Monday, October 01, 2007

Kids and Death

Yesterday Sophie was saying that she didn't want to live in our new house, she wanted to move back to our old one with Chicken. It makes perfect sense, we left a lot of stuff at the old place, why not Chicken too? I tried to explain. "Chicken isn't in our old house, he's dead." But I don't think she really gets it. She kept saying things like "when I die, I am going to live in our old house." I get a double heart ache from that.

Part of me is really glad that she isn't able to grasp it, try as she might. It is funny the way we adults fear things and assume our kids would fear them with the same intensity.
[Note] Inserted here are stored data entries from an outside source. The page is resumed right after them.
lemma sum_sgd_local_spin:
  assumes "\<forall>\<sigma>. 0 \<le> \<mu> \<sigma>" "0 < \<theta>" "\<theta> < 1" "X \<in> Omega \<mu> \<theta>" "X v \<noteq> SS"
  defines "p \<equiv> cond_prob1 (tilt \<mu> \<theta>) v (contr X)"
  shows "(\<Sum>Z\<in>Omega \<mu> \<theta>. sgd_local \<mu> \<theta> v X Z * f Z) = p * f (X(v := S1)) + (1 - p) * f (X(v := S0))"
proof -
  have "sgd_local \<mu> \<theta> v X Z * f Z
      = (if Z = X(v := S1) then p * f Z else 0) + (if Z = X(v := S0) then (1 - p) * f Z else 0)" for Z
  proof (cases "\<forall>u. u \<noteq> v \<longrightarrow> Z u = X u")
    case True
    then have "Z = X(v := Z v)" by auto
    moreover have "X(v := c) = X(v := d) \<longleftrightarrow> c = d" for c d
      by (metis fun_upd_same)
    ultimately show ?thesis
      using assms(5) unfolding sgd_local_def p_def by (cases "Z v") (auto simp: Let_def)
  next
    case False
    then show ?thesis using assms(5) unfolding sgd_local_def by auto
  qed
  then have "(\<Sum>Z\<in>Omega \<mu> \<theta>. sgd_local \<mu> \<theta> v X Z * f Z)
      = (if X(v := S1) \<in> Omega \<mu> \<theta> then p * f (X(v := S1)) else 0)
        + (if X(v := S0) \<in> Omega \<mu> \<theta> then (1 - p) * f (X(v := S0)) else 0)"
    by (simp add: sum.distrib)
  moreover have "X(v := S1) \<notin> Omega \<mu> \<theta> \<Longrightarrow> p = 0" "X(v := S0) \<notin> Omega \<mu> \<theta> \<Longrightarrow> p = 1"
    using cond_prob1_tilt_contr[OF assms(1-4), of v, folded p_def] by (metis less_eq_real_def)+
  ultimately show ?thesis by auto
qed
Will gets scared in the dark sometimes, but I am not really sure what it is about the dark that scares him. When I was young (not even very young) the dark terrified me. What scared me was the thought that of being startled, surprised by something I couldn't see. I don't remember being afraid of what would happen next, after the surprise, it was the surprise itself. I imagine I could have come up with unpleasant things that might happen to me, but I don't remember dreading those things.

The kids tend to get scared by angry faces, aggressive animals and such. For example in the film Finding Nemo, they get scared when the Sharks Chase Marlin and Dory, and when the Barracuda menaces Marlin at the beginning of the film. I am bothered by the next scene when all of Nemo's little brothers and sisters (eggs) are gone, as well as his mother (presumably in the mouth of the barracuda). That scares me. I don't think it scares or bothers the kids much.

We've done our best to be honest, if not forthcoming, about Chicken. He frequently gets lumped in with GG (my grandmother) as someone we are not going to see anymore. They seem relatively accepting of those stories. I feel more uneasy talking about Joan (Carly's mom) who died when she was still a kid. I worry that might be too much. Maybe again this is just a fear of mine (that our kids could be left without one of us), and not something they would be troubled by. We haven't lied about it, but we don't bring it up much.

1 Comments:

At 12:19 AM, Blogger Amanda said...

Actually, when *I* die can I go live in the old house with Chicken? Sounds like a good afterlife to me.
Surely there must be a parenting book that talks about when kids "get" the idea of death.